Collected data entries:

*** Block opens ***

(* Let $n\ge2$ and let $G\subsetneq\mathbb{R}^n$ be a domain. Then for all $x,y\in G$, $$\frac{1}{\sqrt2}\,p_G(x,y)\le s_G(x,y)\le\sqrt2\,p_G(x,y),$$ and this inequality is sharp (the constants $1/\sqrt2$ and $\sqrt2$ cannot be improved over all such domains).
   Context: A domain is a non-empty, open, connected set; here it is a proper subset of $\mathbb{R}^n$. $d_G(x)=\inf\{|x-z|:z\in\partial G\}$, $s_G(x,y)=\frac{|x-y|}{\inf_{z\in\partial G}(|x-z|+|z-y|)}$, $p_G(x,y)=\frac{|x-y|}{\sqrt{|x-y|^2+4d_G(x)d_G(y)}}$. *)

theory Defs
  imports "HOL-Analysis.Analysis"
begin

definition proper_domain :: "'a::euclidean_space set \<Rightarrow> bool" where
  "proper_domain G \<longleftrightarrow> G \<noteq> {} \<and> open G \<and> connected G \<and> G \<noteq> UNIV"

definition dG :: "'a::euclidean_space set \<Rightarrow> 'a \<Rightarrow> real" where
  "dG G x = Inf {dist x z | z. z \<in> frontier G}"

definition sG :: "'a::euclidean_space set \<Rightarrow> 'a \<Rightarrow> 'a \<Rightarrow> real" where
  "sG G x y = dist x y / Inf {dist x z + dist z y | z. z \<in> frontier G}"

definition pG :: "'a::euclidean_space set \<Rightarrow> 'a \<Rightarrow> 'a \<Rightarrow> real" where
  "pG G x y = dist x y / sqrt ((dist x y)\<^sup>2 + 4 * dG G x * dG G y)"

end

theory Submission
  imports Defs
begin

text \<open>Write \<open>t = |x - y|\<close>, \<open>S\<close> for the infimum in the denominator of \<open>s\<^sub>G\<close>, and
  \<open>d\<^sub>x, d\<^sub>y\<close> for the boundary distances. The triangle inequality gives
  \<open>max t (d\<^sub>x + d\<^sub>y) \<le> S \<le> t + 2 min d\<^sub>x d\<^sub>y\<close>, the upper bound by routing through a boundary
  point nearest to \<open>x\<close> (resp. \<open>y\<close>). These bounds alone force
  \<open>S\<^sup>2 \<le> (t + 2 min d\<^sub>x d\<^sub>y)\<^sup>2 \<le> 2 (t\<^sup>2 + 4 d\<^sub>x d\<^sub>y)\<close> and
  \<open>t\<^sup>2 + 4 d\<^sub>x d\<^sub>y \<le> t\<^sup>2 + (d\<^sub>x + d\<^sub>y)\<^sup>2 \<le> 2 S\<^sup>2\<close>, which are the two inequalities.
  The lower constant is attained in the unit ball at \<open>\<plusminus>v\<close> with \<open>|v| = 1/2\<close>, the upper one
  in the punctured space \<open>\<real>\<^sup>n - {0}\<close> (connected as \<open>n \<ge> 2\<close>) at \<open>\<plusminus>v\<close>.\<close>

definition boundary_detour :: "'a::euclidean_space set \<Rightarrow> 'a \<Rightarrow> 'a \<Rightarrow> real" where
  "boundary_detour G x y = Inf {dist x z + dist z y | z. z \<in> frontier G}"

lemma sG_eq_dist_divide_boundary_detour: "sG G x y = dist x y / boundary_detour G x y"
  by (simp add: sG_def boundary_detour_def)

lemma dG_eq_infdist: "frontier G \<noteq> {} \<Longrightarrow> dG G x = infdist x (frontier G)"
  by (simp add: dG_def infdist_notempty Setcompr_eq_image)

lemma dG_nonneg: "frontier G \<noteq> {} \<Longrightarrow> 0 \<le> dG G x"
  by (simp add: dG_eq_infdist infdist_nonneg)

lemma boundary_detour_le: "z \<in> frontier G \<Longrightarrow> boundary_detour G x y \<le> dist x z + dist z y"
  unfolding boundary_detour_def
  by (rule cInf_lower) (auto intro: bdd_belowI[where m = 0])

lemma le_boundary_detour:
  assumes "frontier G \<noteq> {}" and "\<And>z. z \<in> frontier G \<Longrightarrow> c \<le> dist x z + dist z y"
  shows "c \<le> boundary_detour G x y"
  unfolding boundary_detour_def by (rule cInf_greatest) (use assms in auto)

lemma dist_le_boundary_detour: "frontier G \<noteq> {} \<Longrightarrow> dist x y \<le> boundary_detour G x y"
  by (rule le_boundary_detour) (auto intro: dist_triangle)

lemma dG_add_dG_le_boundary_detour:
  "frontier G \<noteq> {} \<Longrightarrow> dG G x + dG G y \<le> boundary_detour G x y"
  by (rule le_boundary_detour) (simp_all add: dG_eq_infdist, metis add_mono dist_commute infdist_le)

lemma boundary_detour_le_dist_add_dG:
  assumes "frontier G \<noteq> {}"
  shows "boundary_detour G x y \<le> dist x y + 2 * dG G x"
proof -
  obtain z where z: "z \<in> frontier G" "dG G x = dist x z"
    using infdist_attains_inf[OF frontier_closed assms] assms by (metis dG_eq_infdist)
  have "boundary_detour G x y \<le> dist x z + dist z y"
    using z(1) by (rule boundary_detour_le)
  also have "\<dots> \<le> dist x y + 2 * dist x z"
    using dist_triangle[of z y x] by (simp add: dist_commute)
  finally show ?thesis using z(2) by simp
qed

lemma boundary_detour_commute: "boundary_detour G x y = boundary_detour G y x"
  unfolding boundary_detour_def by (simp add: dist_commute add.commute)

lemma sq_le_two_sq_of_two_sided_bounds:
  fixes t S a b :: real
  assumes "0 \<le> t" "0 \<le> a" "0 \<le> b"
    and "t \<le> S" "a + b \<le> S" "S \<le> t + 2 * a" "S \<le> t + 2 * b"
  shows "S\<^sup>2 \<le> 2 * (t\<^sup>2 + 4 * a * b)" and "t\<^sup>2 + 4 * a * b \<le> 2 * S\<^sup>2"
proof -
  define m where "m = min a b"
  have "S\<^sup>2 \<le> (t + 2 * m)\<^sup>2"
    using assms by (auto simp: m_def intro!: power_mono)
  also have "\<dots> \<le> 2 * (t\<^sup>2 + 4 * m * m)"
    using sum_squares_ge_zero[of "t - 2 * m" 0] by (simp add: power2_eq_square algebra_simps)
  also have "\<dots> \<le> 2 * (t\<^sup>2 + 4 * a * b)"
    using assms by (auto simp: m_def intro!: mult_mono)
  finally show "S\<^sup>2 \<le> 2 * (t\<^sup>2 + 4 * a * b)" .
  have "4 * a * b \<le> (a + b)\<^sup>2"
    using sum_squares_ge_zero[of "a - b" 0] by (simp add: power2_eq_square algebra_simps)
  moreover have "t\<^sup>2 \<le> S\<^sup>2" "(a + b)\<^sup>2 \<le> S\<^sup>2"
    using assms by (auto intro!: power_mono)
  ultimately show "t\<^sup>2 + 4 * a * b \<le> 2 * S\<^sup>2" by linarith
qed

lemma sG_pG_bounds:
  fixes G :: "'a::euclidean_space set"
  assumes "frontier G \<noteq> {}"
  shows "(1 / sqrt 2) * pG G x y \<le> sG G x y" and "sG G x y \<le> sqrt 2 * pG G x y"
proof -
  define t S Q where "t = dist x y" and "S = boundary_detour G x y"
    and "Q = sqrt (t\<^sup>2 + 4 * dG G x * dG G y)"
  have s: "sG G x y = t / S" and p: "pG G x y = t / Q"
    by (simp_all add: sG_eq_dist_divide_boundary_detour pG_def t_def S_def Q_def)
  have bounds: "0 \<le> t" "t \<le> S" "dG G x + dG G y \<le> S"
    "S \<le> t + 2 * dG G x" "S \<le> t + 2 * dG G y"
    unfolding t_def S_def
    using dist_le_boundary_detour[OF assms] dG_add_dG_le_boundary_detour[OF assms]
      boundary_detour_le_dist_add_dG[OF assms, of x y]
      boundary_detour_le_dist_add_dG[OF assms, of y x]
    by (simp_all add: boundary_detour_commute[of G y x] dist_commute[of y x])
  note sq = sq_le_two_sq_of_two_sided_bounds[OF bounds(1) dG_nonneg[OF assms] dG_nonneg[OF assms]
      bounds(2-5)]
  have S_le: "S \<le> sqrt 2 * Q"
    using sq(1) by (simp add: Q_def real_sqrt_mult[symmetric] real_le_rsqrt)
  have "Q \<le> sqrt (2 * S\<^sup>2)"
    unfolding Q_def using sq(2) by (rule real_sqrt_le_mono)
  then have Q_le: "Q \<le> sqrt 2 * S"
    using bounds by (simp add: real_sqrt_mult)
  have "(1 / sqrt 2) * (t / Q) \<le> t / S \<and> t / S \<le> sqrt 2 * (t / Q)"
  proof (cases "t = 0")
    case False
    then have "0 < t" "0 < S" "0 < Q"
      using bounds dG_nonneg[OF assms] by (auto simp: Q_def add_pos_nonneg)
    then show ?thesis
      using S_le Q_le by (simp add: field_simps)
  qed simp
  then show "(1 / sqrt 2) * pG G x y \<le> sG G x y" "sG G x y \<le> sqrt 2 * pG G x y"
    by (simp_all add: s p)
qed

lemma frontier_nonempty_if_proper_domain: "proper_domain G \<Longrightarrow> frontier G \<noteq> {}"
  by (simp add: proper_domain_def frontier_eq_empty)

lemma proper_domain_ball: "0 < r \<Longrightarrow> proper_domain (ball a r)"
  unfolding proper_domain_def by (metis bounded_ball not_bounded_UNIV centre_in_ball empty_iff
      open_ball connected_ball)

lemma proper_domain_punctured:
  "2 \<le> DIM('a) \<Longrightarrow> proper_domain (- {a :: 'a::euclidean_space})"
  unfolding proper_domain_def using UNIV_not_singleton[of a]
  by (auto simp: connected_punctured_universe)

lemma frontier_singleton: "frontier {a :: 'a::{t1_space, perfect_space}} = {a}"
  by (simp add: frontier_def)

lemma dist_minus_self: "dist (- v) v = 2 * norm (v :: 'a::real_normed_vector)"
  by (simp add: dist_norm norm_minus_commute[of "-v"] flip: scaleR_2)

lemma sG_unit_ball_antipodal_le:
  fixes v :: "'a::euclidean_space"
  assumes "norm v = 1 / 2"
  shows "sG (ball 0 1) (- v) v \<le> 1 / 2"
proof -
  have "2 \<le> boundary_detour (ball 0 1) (- v) v"
  proof (rule le_boundary_detour)
    fix z :: 'a
    assume "z \<in> frontier (ball 0 1)"
    then have "2 = norm ((z + v) + (z - v))"
      by (simp add: scaleR_2[symmetric])
    also have "\<dots> \<le> dist (- v) z + dist z v"
      by (metis norm_triangle_ineq dist_norm diff_minus_eq_add dist_commute)
    finally show "2 \<le> dist (- v) z + dist z v" .
  qed simp
  moreover have "dist (- v) v = 1"
    using assms by (simp add: dist_minus_self)
  ultimately show ?thesis
    by (simp add: sG_eq_dist_divide_boundary_detour field_simps)
qed

lemma pG_unit_ball_antipodal_ge:
  fixes v :: "'a::euclidean_space"
  assumes "norm v = 1 / 2"
  shows "1 / sqrt 2 \<le> pG (ball 0 1) (- v) v"
proof -
  have frontier: "frontier (ball (0::'a) 1) \<noteq> {}"
    by simp
  have "dG (ball 0 1) w \<le> 1 / 2" if "w = v \<or> w = - v" for w
  proof -
    have "2 *\<^sub>R w \<in> frontier (ball 0 1)"
      using that assms by auto
    moreover have "dist w (2 *\<^sub>R w) = 1 / 2"
      using that assms by (auto simp: dist_norm scaleR_2)
    ultimately show ?thesis
      by (metis dG_eq_infdist[OF frontier] infdist_le)
  qed
  moreover have nonneg: "0 \<le> dG (ball 0 1) w" for w :: 'a
    using frontier by (rule dG_nonneg)
  ultimately have "4 * dG (ball 0 1) (- v) * dG (ball 0 1) v \<le> 1"
    using mult_mono[of "dG (ball 0 1) (- v)" "1 / 2" "dG (ball 0 1) v" "1 / 2"] by auto
  then have "1 / sqrt 2 \<le> 1 / sqrt (1 + 4 * dG (ball 0 1) (- v) * dG (ball 0 1) v)"
    using nonneg[of v] nonneg[of "- v"] by (intro frac_le) (auto intro: add_pos_nonneg)
  moreover have "dist (- v) v = 1"
    using assms by (simp add: dist_minus_self)
  ultimately show ?thesis
    by (simp add: pG_def)
qed

lemma sG_punctured_antipodal: "v \<noteq> 0 \<Longrightarrow> sG (- {0}) v (- v) = 1"
  by (simp add: sG_eq_dist_divide_boundary_detour boundary_detour_def frontier_singleton
      dist_commute[of v] dist_minus_self)

lemma pG_punctured_antipodal: "v \<noteq> 0 \<Longrightarrow> pG (- {0}) v (- v) = 1 / sqrt 2"
proof -
  assume "v \<noteq> 0"
  have "dG (- {0}) w = norm w" for w :: 'a
    by (simp add: dG_eq_infdist frontier_singleton)
  then have "pG (- {0}) v (- v) = 2 * norm v / sqrt (8 * (norm v)\<^sup>2)"
    by (simp add: pG_def dist_commute[of v] dist_minus_self power_mult_distrib power2_eq_square)
  also have "\<dots> = 1 / sqrt 2"
    using \<open>v \<noteq> 0\<close> real_sqrt_mult[of 4 2] by (simp add: real_sqrt_mult field_simps)
  finally show ?thesis .
qed

lemma sG_lower_bound_sharp:
  assumes "1 / sqrt 2 < c"
  shows "\<exists>(G::'a::euclidean_space set) x y. proper_domain G \<and> x \<in> G \<and> y \<in> G \<and>
           \<not> c * pG G x y \<le> sG G x y"
proof -
  obtain v :: 'a where v: "norm v = 1 / 2"
    using vector_choose_size by (metis divide_nonneg_nonneg zero_le_one zero_le_numeral)
  have "0 < 1 / sqrt 2"
    by simp
  have "1 / 2 = (1 / sqrt 2) * (1 / sqrt 2)"
    by simp
  also have "\<dots> < c * (1 / sqrt 2)"
    using assms \<open>0 < 1 / sqrt 2\<close> by (rule mult_strict_right_mono)
  also have "\<dots> \<le> c * pG (ball 0 1) (- v) v"
    using assms \<open>0 < 1 / sqrt 2\<close> by (intro mult_left_mono pG_unit_ball_antipodal_ge[OF v]) linarith
  finally have "\<not> c * pG (ball 0 1) (- v) v \<le> sG (ball 0 1) (- v) v"
    using sG_unit_ball_antipodal_le[OF v] by linarith
  moreover have "- v \<in> ball 0 1" "v \<in> ball 0 1"
    using v by auto
  ultimately show ?thesis
    using proper_domain_ball[OF zero_less_one, of 0] by blast
qed

lemma sG_upper_bound_sharp:
  assumes "2 \<le> DIM('a::euclidean_space)" and "c < sqrt 2"
  shows "\<exists>(G::'a set) x y. proper_domain G \<and> x \<in> G \<and> y \<in> G \<and> \<not> sG G x y \<le> c * pG G x y"
proof -
  obtain v :: 'a where "v \<noteq> 0"
    using vector_choose_size[of 1] by (metis norm_zero zero_le_one zero_neq_one)
  moreover have "c * (1 / sqrt 2) < 1"
    using assms(2) by (simp add: field_simps)
  ultimately have "\<not> sG (- {0}) v (- v) \<le> c * pG (- {0}) v (- v)"
    by (simp add: sG_punctured_antipodal pG_punctured_antipodal)
  moreover have "v \<in> - {0}" "- v \<in> - {0}"
    using \<open>v \<noteq> 0\<close> by auto
  ultimately show ?thesis
    using proper_domain_punctured[OF assms(1), of 0] by blast
qed

theorem theorem3p5:
  assumes "DIM('a::euclidean_space) \<ge> 2"
  shows "(\<forall>(G::'a set) x y. proper_domain G \<longrightarrow> x \<in> G \<longrightarrow> y \<in> G \<longrightarrow>
            (1 / sqrt 2) * pG G x y \<le> sG G x y \<and> sG G x y \<le> sqrt 2 * pG G x y)
       \<and> (\<forall>c > 1 / sqrt 2. \<exists>(G::'a set) x y. proper_domain G \<and> x \<in> G \<and> y \<in> G \<and>
            \<not> (c * pG G x y \<le> sG G x y))
       \<and> (\<forall>c < sqrt 2. \<exists>(G::'a set) x y. proper_domain G \<and> x \<in> G \<and> y \<in> G \<and>
            \<not> (sG G x y \<le> c * pG G x y))"
  using sG_pG_bounds[OF frontier_nonempty_if_proper_domain] sG_lower_bound_sharp
    sG_upper_bound_sharp[OF assms] by blast

end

*** Block closes ***

→ **Problem**
When you reach the line containing "by (simp add: sG_eq_dist_divide_boundary_detour field_simps)" in the data above, start copying exactly, and stop after the line containing "by (simp add: dG_eq_infdist frontier_singleton)".

→ **Completed exercise**
    by (simp add: sG_eq_dist_divide_boundary_detour field_simps)
qed

lemma pG_unit_ball_antipodal_ge:
  fixes v :: "'a::euclidean_space"
  assumes "norm v = 1 / 2"
  shows "1 / sqrt 2 \<le> pG (ball 0 1) (- v) v"
proof -
  have frontier: "frontier (ball (0::'a) 1) \<noteq> {}"
    by simp
  have "dG (ball 0 1) w \<le> 1 / 2" if "w = v \<or> w = - v" for w
  proof -
    have "2 *\<^sub>R w \<in> frontier (ball 0 1)"
      using that assms by auto
    moreover have "dist w (2 *\<^sub>R w) = 1 / 2"
      using that assms by (auto simp: dist_norm scaleR_2)
    ultimately show ?thesis
      by (metis dG_eq_infdist[OF frontier] infdist_le)
  qed
  moreover have nonneg: "0 \<le> dG (ball 0 1) w" for w :: 'a
    using frontier by (rule dG_nonneg)
  ultimately have "4 * dG (ball 0 1) (- v) * dG (ball 0 1) v \<le> 1"
    using mult_mono[of "dG (ball 0 1) (- v)" "1 / 2" "dG (ball 0 1) v" "1 / 2"] by auto
  then have "1 / sqrt 2 \<le> 1 / sqrt (1 + 4 * dG (ball 0 1) (- v) * dG (ball 0 1) v)"
    using nonneg[of v] nonneg[of "- v"] by (intro frac_le) (auto intro: add_pos_nonneg)
  moreover have "dist (- v) v = 1"
    using assms by (simp add: dist_minus_self)
  ultimately show ?thesis
    by (simp add: pG_def)
qed

lemma sG_punctured_antipodal: "v \<noteq> 0 \<Longrightarrow> sG (- {0}) v (- v) = 1"
  by (simp add: sG_eq_dist_divide_boundary_detour boundary_detour_def frontier_singleton
      dist_commute[of v] dist_minus_self)

lemma pG_punctured_antipodal: "v \<noteq> 0 \<Longrightarrow> pG (- {0}) v (- v) = 1 / sqrt 2"
proof -
  assume "v \<noteq> 0"
  have "dG (- {0}) w = norm w" for w :: 'a
    by (simp add: dG_eq_infdist frontier_singleton)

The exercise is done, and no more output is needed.